* [Data extracted from a collection]
►

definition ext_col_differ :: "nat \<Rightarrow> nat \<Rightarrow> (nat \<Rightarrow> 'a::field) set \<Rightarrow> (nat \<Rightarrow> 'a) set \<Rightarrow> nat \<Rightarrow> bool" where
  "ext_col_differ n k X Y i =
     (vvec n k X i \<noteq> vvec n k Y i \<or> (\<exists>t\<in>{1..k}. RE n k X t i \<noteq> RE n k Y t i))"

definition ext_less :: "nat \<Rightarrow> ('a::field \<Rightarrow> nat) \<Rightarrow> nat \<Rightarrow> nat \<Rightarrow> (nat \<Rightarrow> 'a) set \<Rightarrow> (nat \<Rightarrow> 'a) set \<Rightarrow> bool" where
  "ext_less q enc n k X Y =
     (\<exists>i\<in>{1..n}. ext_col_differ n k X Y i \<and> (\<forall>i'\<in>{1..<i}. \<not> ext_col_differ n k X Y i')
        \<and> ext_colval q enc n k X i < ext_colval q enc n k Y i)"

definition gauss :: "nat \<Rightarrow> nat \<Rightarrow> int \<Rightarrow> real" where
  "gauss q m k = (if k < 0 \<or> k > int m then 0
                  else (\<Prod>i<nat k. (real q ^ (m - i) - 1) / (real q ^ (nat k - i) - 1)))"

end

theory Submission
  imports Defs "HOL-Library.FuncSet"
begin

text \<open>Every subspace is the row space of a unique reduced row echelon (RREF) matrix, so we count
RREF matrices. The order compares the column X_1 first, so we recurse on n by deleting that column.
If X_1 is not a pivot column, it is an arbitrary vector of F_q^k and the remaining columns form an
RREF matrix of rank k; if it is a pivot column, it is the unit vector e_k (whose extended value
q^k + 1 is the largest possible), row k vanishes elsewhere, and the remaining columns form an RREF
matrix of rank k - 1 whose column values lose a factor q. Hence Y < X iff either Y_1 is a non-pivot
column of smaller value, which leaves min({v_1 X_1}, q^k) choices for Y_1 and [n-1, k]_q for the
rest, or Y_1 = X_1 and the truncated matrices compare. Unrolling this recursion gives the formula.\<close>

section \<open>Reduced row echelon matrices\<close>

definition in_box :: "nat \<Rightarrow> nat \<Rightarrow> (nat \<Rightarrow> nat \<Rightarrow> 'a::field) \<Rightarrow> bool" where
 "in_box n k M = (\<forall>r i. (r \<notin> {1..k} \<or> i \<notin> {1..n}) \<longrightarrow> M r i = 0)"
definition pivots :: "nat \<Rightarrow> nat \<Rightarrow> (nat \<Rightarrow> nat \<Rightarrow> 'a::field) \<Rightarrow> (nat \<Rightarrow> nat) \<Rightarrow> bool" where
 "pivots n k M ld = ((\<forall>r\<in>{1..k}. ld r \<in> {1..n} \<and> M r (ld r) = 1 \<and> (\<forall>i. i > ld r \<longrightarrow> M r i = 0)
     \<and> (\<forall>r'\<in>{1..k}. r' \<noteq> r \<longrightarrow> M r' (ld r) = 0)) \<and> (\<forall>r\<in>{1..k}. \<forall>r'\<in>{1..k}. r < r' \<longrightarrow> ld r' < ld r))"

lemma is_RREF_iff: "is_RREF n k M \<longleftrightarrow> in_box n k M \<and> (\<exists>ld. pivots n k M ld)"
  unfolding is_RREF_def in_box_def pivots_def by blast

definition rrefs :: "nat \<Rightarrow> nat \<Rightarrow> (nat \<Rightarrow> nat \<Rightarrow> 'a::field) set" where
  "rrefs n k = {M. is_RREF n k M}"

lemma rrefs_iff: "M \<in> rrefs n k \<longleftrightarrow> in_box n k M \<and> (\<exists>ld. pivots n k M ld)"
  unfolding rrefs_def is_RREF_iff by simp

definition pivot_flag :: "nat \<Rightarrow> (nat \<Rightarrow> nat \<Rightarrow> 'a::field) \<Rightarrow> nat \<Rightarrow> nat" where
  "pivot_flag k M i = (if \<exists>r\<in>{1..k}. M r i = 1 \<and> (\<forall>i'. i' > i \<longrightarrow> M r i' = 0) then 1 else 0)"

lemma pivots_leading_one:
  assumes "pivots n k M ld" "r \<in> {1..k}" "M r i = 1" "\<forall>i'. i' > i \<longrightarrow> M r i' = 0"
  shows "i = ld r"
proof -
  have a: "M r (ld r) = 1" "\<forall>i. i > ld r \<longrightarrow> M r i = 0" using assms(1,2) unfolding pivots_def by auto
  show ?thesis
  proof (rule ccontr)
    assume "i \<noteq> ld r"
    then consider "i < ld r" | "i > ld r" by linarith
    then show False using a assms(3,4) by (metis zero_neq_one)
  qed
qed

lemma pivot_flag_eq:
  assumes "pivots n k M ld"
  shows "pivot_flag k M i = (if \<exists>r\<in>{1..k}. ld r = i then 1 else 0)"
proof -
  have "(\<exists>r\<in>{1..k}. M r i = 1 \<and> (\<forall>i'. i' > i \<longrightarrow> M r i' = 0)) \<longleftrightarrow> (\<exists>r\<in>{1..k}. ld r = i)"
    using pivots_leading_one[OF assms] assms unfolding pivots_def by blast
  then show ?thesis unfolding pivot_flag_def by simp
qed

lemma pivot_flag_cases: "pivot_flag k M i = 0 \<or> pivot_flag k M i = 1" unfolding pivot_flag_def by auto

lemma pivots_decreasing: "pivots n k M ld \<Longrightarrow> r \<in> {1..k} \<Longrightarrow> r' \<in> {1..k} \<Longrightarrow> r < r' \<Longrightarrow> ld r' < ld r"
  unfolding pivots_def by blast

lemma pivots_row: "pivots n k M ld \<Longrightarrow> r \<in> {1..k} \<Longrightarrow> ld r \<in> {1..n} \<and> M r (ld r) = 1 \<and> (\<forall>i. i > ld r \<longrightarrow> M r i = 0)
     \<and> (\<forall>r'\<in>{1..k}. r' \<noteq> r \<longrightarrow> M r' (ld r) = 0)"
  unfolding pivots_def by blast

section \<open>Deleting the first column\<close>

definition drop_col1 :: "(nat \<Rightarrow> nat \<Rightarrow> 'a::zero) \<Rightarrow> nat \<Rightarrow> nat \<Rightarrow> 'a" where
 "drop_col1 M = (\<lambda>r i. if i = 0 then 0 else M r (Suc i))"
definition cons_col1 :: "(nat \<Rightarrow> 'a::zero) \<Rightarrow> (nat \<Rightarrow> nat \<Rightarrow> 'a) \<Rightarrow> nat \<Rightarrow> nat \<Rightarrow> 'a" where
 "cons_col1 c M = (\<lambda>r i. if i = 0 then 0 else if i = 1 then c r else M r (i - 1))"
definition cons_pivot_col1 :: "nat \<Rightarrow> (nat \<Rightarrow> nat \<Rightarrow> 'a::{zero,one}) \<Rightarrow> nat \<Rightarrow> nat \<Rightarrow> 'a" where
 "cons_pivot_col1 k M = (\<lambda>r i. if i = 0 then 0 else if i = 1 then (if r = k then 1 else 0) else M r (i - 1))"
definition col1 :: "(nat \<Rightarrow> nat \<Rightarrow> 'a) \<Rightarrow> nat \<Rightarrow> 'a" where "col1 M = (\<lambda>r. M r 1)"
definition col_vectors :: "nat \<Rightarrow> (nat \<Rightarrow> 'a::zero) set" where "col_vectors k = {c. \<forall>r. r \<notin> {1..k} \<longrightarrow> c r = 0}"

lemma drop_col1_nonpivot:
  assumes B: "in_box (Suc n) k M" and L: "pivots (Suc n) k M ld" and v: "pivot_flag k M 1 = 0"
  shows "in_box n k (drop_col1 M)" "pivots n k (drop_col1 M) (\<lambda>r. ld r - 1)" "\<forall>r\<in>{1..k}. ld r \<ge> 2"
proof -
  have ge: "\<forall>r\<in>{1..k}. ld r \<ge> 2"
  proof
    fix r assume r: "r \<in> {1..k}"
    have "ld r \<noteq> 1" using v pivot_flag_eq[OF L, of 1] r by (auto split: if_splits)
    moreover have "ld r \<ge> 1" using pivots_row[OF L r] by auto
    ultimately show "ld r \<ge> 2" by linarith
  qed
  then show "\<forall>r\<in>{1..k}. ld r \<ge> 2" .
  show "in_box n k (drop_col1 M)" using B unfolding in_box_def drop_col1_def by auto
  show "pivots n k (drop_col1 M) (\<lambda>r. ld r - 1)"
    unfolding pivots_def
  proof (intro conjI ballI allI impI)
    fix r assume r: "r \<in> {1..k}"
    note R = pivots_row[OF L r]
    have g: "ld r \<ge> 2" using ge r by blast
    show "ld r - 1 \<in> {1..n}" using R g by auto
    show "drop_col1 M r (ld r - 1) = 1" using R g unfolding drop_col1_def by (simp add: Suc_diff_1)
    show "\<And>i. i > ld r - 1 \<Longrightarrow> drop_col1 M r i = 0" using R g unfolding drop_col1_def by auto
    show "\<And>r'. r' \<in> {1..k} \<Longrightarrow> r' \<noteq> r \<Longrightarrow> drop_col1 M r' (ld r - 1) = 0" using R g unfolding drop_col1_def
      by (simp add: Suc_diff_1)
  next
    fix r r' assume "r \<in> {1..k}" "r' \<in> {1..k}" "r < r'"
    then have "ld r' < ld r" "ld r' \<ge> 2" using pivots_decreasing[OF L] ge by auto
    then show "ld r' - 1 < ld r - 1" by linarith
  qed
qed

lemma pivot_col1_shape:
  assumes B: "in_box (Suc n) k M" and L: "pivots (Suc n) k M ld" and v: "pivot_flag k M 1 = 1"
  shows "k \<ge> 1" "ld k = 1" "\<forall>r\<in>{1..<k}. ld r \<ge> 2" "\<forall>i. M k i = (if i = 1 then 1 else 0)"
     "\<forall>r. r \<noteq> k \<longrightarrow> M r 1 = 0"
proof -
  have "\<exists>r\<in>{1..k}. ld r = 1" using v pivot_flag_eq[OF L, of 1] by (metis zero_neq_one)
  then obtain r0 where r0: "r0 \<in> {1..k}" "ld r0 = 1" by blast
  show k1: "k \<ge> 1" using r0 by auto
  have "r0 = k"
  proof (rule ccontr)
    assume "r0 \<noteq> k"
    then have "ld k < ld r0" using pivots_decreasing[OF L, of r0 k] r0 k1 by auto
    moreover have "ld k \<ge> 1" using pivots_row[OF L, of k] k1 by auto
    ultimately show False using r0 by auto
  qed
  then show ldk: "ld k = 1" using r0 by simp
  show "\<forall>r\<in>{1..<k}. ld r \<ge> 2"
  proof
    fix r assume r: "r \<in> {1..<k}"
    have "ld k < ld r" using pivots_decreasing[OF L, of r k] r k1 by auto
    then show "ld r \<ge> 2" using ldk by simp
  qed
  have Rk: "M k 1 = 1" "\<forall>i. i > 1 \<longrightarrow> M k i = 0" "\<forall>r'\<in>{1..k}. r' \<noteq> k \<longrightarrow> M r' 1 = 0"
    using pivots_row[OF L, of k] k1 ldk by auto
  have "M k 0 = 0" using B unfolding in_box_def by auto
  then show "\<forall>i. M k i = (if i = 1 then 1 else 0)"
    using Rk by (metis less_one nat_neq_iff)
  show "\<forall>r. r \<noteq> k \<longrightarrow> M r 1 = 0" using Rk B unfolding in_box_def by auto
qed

◄

* [Activity]
Using only the entries above, output the line with "unfolding is_RREF_def in_box_def", the line with "unfolding rrefs_def is_RREF_iff by simp", and all lines between them, exactly as they stand.

* [Written answer]
  unfolding is_RREF_def in_box_def pivots_def by blast

definition rrefs :: "nat \<Rightarrow> nat \<Rightarrow> (nat \<Rightarrow> nat \<Rightarrow> 'a::field) set" where
  "rrefs n k = {M. is_RREF n k M}"

lemma rrefs_iff: "M \<in> rrefs n k \<longleftrightarrow> in_box n k M \<and> (\<exists>ld. pivots n k M ld)"
  unfolding rrefs_def is_RREF_iff by simp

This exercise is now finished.